What is expected => Each line below that contains the word "close" is to be counted; give only the final number.

BEGIN Material for this exercise

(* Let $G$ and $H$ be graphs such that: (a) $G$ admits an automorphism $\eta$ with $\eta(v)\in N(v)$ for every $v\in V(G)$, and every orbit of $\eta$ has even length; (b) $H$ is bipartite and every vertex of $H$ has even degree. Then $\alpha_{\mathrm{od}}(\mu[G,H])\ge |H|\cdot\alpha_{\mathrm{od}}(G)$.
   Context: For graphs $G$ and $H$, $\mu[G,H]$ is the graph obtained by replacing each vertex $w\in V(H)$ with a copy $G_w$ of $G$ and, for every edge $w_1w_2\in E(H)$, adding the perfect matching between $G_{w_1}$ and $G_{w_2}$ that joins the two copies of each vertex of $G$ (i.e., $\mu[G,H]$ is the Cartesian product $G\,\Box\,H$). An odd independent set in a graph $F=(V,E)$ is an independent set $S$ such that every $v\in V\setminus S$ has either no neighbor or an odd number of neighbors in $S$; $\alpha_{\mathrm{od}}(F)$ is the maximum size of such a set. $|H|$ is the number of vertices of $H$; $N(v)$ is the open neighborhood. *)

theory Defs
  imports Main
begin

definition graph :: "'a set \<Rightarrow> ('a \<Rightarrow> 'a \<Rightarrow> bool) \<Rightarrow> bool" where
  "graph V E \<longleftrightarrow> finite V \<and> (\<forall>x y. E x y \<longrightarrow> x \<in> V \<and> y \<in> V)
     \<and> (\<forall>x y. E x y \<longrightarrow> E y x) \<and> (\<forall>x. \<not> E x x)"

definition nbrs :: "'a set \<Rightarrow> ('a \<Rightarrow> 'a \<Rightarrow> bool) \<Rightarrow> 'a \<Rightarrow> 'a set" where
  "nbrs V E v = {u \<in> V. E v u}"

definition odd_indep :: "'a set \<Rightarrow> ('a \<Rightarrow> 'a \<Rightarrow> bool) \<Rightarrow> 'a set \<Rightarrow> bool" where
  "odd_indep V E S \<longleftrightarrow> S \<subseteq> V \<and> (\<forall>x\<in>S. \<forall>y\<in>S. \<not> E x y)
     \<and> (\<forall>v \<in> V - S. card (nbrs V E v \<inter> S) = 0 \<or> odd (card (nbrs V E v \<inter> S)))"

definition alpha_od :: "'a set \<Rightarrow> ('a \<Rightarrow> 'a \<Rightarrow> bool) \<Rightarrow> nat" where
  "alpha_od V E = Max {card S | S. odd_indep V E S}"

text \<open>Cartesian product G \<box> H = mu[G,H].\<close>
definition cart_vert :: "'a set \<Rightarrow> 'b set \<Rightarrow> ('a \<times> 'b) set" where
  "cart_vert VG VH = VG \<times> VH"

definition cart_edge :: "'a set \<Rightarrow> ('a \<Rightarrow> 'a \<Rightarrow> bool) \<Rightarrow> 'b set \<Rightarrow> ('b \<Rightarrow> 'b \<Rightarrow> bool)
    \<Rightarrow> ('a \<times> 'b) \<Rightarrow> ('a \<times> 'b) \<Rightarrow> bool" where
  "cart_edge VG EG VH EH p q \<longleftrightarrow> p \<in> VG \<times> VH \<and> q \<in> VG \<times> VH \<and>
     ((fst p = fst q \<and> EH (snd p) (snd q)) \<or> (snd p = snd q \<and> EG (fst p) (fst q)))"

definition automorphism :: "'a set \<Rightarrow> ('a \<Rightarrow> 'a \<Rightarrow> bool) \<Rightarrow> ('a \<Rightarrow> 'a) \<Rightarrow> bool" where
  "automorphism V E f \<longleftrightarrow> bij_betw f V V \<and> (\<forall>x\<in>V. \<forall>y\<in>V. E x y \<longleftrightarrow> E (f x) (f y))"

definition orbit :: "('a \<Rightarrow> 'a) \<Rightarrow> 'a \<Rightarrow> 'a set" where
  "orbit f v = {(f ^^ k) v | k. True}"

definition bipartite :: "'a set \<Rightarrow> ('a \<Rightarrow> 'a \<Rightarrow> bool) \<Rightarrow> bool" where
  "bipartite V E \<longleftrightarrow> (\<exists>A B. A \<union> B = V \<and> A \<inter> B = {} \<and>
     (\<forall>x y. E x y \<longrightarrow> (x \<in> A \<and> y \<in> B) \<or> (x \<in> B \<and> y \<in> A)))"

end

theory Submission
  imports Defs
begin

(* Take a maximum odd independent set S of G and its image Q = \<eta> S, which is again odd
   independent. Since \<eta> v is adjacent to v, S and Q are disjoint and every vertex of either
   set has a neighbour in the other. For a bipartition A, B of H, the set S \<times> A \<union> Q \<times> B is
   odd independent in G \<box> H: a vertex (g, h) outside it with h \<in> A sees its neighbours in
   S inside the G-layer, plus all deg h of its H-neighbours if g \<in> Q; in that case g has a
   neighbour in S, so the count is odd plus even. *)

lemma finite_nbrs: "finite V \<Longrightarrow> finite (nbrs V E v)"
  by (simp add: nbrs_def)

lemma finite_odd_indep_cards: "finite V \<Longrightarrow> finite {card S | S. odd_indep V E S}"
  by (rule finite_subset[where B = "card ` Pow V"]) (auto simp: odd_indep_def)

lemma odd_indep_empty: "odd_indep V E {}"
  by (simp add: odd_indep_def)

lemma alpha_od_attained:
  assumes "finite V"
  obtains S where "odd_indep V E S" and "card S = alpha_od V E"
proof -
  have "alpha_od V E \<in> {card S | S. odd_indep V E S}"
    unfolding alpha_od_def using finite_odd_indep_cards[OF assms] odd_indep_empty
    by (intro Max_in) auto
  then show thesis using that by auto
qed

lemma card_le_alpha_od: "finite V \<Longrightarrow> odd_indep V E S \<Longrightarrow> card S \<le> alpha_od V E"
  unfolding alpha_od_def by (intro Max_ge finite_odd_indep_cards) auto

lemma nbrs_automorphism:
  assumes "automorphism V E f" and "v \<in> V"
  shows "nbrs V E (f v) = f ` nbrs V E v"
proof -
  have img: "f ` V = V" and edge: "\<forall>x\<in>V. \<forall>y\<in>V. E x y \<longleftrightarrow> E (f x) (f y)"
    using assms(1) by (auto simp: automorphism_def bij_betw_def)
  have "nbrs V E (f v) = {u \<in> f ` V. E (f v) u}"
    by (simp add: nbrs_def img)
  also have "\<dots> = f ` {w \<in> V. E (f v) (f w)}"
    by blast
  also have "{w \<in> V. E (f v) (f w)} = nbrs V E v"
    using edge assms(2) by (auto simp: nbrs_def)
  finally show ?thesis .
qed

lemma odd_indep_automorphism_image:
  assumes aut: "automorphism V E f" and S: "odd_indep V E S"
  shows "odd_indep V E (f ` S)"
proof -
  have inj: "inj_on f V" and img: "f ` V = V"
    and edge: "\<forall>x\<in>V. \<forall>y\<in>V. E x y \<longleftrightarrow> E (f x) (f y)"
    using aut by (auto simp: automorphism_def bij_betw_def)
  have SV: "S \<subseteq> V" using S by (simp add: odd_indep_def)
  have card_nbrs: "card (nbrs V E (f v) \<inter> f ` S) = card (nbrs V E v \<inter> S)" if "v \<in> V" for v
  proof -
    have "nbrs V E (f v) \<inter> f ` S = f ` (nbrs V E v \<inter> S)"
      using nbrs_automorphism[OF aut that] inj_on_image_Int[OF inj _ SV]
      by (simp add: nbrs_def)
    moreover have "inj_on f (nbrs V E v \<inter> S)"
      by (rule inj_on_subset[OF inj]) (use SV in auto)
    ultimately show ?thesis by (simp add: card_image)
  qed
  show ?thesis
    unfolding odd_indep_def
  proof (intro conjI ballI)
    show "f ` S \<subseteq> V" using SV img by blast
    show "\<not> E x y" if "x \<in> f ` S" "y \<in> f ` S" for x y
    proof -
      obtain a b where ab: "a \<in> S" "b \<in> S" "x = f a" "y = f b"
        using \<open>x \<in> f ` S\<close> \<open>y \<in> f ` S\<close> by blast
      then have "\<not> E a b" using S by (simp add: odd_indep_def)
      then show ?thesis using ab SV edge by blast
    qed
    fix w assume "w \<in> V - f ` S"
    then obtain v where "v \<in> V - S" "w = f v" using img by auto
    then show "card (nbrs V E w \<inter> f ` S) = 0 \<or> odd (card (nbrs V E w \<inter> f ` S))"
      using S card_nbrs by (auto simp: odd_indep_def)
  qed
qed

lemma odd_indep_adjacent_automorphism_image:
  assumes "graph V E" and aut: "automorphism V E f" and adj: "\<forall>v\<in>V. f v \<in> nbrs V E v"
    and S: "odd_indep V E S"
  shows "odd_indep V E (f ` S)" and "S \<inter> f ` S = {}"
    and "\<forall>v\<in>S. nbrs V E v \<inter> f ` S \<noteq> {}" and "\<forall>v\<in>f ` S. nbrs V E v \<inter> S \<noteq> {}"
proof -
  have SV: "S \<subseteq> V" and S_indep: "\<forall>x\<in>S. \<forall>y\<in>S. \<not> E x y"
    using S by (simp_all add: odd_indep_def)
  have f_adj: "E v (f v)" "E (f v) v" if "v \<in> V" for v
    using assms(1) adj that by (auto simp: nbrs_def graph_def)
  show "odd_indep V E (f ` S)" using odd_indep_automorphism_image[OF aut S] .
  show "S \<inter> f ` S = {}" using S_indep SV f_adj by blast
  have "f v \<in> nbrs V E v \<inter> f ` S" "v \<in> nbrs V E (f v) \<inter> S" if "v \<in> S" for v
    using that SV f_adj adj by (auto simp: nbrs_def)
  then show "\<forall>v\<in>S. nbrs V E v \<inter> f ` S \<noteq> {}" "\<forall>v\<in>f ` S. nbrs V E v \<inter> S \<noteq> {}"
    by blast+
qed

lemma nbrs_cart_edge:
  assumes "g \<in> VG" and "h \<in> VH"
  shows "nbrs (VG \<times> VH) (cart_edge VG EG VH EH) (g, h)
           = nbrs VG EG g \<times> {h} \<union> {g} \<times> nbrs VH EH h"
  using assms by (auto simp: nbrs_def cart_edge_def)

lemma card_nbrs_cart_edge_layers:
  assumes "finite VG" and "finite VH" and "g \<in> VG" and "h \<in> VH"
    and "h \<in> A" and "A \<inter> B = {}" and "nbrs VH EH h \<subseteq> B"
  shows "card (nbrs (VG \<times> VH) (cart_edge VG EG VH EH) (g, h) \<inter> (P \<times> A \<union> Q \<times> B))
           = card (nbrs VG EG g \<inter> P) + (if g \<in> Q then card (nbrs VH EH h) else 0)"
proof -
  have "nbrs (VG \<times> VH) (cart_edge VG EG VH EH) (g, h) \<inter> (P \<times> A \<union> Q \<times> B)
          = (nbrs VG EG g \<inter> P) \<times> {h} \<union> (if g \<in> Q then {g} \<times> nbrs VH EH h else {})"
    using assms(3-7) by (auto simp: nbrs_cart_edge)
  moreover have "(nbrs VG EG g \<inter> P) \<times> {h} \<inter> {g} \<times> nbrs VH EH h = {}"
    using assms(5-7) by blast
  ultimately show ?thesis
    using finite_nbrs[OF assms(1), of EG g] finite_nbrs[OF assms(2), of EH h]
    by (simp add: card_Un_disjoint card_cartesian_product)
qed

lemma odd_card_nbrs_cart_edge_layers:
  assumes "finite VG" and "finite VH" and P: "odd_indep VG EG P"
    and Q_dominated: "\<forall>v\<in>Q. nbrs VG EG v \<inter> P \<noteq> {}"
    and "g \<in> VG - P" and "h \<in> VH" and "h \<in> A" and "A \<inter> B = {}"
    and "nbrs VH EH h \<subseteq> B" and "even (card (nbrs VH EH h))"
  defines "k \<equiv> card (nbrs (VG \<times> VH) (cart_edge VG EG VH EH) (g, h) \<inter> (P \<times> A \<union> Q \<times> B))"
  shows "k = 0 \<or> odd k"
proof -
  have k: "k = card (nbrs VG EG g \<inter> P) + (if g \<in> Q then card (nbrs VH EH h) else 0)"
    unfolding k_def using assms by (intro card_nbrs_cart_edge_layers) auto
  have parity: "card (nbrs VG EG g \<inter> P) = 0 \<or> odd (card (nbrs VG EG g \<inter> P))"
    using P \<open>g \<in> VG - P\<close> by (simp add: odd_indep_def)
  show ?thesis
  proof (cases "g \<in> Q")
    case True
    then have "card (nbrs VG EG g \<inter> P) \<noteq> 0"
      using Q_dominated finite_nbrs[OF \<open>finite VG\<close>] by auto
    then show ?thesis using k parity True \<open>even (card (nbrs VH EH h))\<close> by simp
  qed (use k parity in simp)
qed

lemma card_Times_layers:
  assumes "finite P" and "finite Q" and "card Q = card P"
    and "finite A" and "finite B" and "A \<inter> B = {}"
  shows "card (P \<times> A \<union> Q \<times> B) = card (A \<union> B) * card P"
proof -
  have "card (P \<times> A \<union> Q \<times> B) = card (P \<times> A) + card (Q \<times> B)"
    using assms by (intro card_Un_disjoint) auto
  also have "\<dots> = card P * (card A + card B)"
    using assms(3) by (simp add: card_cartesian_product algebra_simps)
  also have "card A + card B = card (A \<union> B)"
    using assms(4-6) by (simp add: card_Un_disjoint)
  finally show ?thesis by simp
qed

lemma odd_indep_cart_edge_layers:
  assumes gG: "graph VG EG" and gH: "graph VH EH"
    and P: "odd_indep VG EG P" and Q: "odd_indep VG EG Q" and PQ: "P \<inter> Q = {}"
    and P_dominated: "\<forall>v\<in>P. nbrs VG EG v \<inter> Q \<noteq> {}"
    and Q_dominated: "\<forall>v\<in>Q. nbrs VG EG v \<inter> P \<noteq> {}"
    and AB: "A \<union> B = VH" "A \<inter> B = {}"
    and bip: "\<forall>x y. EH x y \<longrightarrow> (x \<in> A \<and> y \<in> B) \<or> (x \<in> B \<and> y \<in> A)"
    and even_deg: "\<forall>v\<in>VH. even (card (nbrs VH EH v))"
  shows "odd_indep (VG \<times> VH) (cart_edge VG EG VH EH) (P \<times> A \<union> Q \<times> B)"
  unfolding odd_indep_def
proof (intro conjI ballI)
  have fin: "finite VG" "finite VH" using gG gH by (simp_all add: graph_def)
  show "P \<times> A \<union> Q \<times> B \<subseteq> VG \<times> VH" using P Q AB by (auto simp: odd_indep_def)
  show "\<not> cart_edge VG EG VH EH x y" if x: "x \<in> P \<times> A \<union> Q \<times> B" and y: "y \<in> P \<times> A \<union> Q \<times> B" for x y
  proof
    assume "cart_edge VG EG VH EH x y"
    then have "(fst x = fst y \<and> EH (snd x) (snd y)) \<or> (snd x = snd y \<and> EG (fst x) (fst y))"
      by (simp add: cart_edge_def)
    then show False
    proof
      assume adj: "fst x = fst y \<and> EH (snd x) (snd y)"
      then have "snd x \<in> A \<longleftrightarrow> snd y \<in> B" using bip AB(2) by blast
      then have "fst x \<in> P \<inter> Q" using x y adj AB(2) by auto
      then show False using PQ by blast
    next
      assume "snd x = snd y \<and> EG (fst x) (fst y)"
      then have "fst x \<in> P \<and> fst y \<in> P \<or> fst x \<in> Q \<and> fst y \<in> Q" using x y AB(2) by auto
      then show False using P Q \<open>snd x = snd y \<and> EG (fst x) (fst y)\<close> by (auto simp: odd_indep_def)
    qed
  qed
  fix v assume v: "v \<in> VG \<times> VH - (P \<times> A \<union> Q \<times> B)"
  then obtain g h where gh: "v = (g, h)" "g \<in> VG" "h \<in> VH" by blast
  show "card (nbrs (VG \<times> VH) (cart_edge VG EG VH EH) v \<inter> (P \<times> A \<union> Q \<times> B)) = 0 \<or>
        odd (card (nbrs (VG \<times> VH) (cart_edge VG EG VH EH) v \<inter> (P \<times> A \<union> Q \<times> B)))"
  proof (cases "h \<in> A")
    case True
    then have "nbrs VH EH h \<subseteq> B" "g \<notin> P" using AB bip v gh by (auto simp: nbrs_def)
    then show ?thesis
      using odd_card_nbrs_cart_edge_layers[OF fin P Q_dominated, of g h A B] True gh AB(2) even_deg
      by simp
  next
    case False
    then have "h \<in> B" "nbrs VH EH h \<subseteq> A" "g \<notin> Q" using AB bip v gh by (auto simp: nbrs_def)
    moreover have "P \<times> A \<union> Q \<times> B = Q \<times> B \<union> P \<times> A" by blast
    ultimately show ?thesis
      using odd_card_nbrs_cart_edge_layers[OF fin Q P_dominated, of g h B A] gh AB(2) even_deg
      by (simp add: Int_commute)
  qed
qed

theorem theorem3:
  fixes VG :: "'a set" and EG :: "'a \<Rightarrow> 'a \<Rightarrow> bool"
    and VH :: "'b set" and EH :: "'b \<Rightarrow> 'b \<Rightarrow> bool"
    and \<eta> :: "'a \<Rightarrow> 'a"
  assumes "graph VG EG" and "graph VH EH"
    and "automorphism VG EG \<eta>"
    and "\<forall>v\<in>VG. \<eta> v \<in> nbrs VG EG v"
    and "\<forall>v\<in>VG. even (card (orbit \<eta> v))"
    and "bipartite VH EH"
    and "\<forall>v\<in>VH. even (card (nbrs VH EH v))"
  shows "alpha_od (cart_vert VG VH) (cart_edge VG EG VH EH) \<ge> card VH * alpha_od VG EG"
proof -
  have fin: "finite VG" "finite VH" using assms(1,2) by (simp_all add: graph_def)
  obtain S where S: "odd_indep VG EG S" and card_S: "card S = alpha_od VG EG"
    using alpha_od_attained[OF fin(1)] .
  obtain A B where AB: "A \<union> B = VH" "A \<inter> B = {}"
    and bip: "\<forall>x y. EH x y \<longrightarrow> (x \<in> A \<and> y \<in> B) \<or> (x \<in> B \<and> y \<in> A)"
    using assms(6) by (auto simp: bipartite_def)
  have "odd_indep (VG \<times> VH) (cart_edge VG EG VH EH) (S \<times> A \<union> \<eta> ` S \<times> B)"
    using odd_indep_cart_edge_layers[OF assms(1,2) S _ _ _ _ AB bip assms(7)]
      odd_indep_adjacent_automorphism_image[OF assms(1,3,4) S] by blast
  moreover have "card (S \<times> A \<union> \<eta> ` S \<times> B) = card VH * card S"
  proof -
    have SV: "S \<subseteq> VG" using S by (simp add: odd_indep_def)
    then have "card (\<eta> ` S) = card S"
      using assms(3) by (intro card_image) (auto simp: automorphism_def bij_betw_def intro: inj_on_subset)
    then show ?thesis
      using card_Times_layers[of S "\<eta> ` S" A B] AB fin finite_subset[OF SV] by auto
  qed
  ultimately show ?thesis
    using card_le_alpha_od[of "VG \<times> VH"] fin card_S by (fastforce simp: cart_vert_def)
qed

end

END Material for this exercise
BEGIN Material for this exercise

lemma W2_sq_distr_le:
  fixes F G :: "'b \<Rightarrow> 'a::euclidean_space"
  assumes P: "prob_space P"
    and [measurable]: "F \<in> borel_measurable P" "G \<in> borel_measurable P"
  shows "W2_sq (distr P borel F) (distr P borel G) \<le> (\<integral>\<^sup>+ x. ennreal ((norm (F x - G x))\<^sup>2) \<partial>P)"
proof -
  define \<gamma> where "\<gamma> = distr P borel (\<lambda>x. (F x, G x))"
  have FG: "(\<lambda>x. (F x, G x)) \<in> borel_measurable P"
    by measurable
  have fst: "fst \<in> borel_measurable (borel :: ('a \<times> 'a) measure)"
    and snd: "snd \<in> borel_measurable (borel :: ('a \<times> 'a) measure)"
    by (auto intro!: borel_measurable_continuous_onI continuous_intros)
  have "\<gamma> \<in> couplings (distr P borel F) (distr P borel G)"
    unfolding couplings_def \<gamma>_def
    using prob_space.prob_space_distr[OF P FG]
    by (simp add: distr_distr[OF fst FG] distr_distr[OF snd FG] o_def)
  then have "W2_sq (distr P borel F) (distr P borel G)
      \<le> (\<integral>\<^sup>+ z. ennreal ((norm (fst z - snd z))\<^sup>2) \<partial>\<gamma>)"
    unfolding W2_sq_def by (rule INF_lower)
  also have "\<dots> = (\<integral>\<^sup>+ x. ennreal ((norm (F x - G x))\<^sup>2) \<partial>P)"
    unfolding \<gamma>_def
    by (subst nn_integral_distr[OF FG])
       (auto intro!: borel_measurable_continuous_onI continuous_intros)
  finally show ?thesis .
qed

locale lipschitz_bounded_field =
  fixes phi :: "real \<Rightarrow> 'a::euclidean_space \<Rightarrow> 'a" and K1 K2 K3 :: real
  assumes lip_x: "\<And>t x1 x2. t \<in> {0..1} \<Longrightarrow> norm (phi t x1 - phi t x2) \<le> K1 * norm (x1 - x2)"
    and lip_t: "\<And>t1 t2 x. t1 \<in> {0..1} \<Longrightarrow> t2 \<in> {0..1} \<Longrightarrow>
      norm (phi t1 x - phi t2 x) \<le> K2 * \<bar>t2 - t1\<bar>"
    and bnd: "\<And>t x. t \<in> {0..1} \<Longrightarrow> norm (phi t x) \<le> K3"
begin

END Material for this exercise

Response area => 6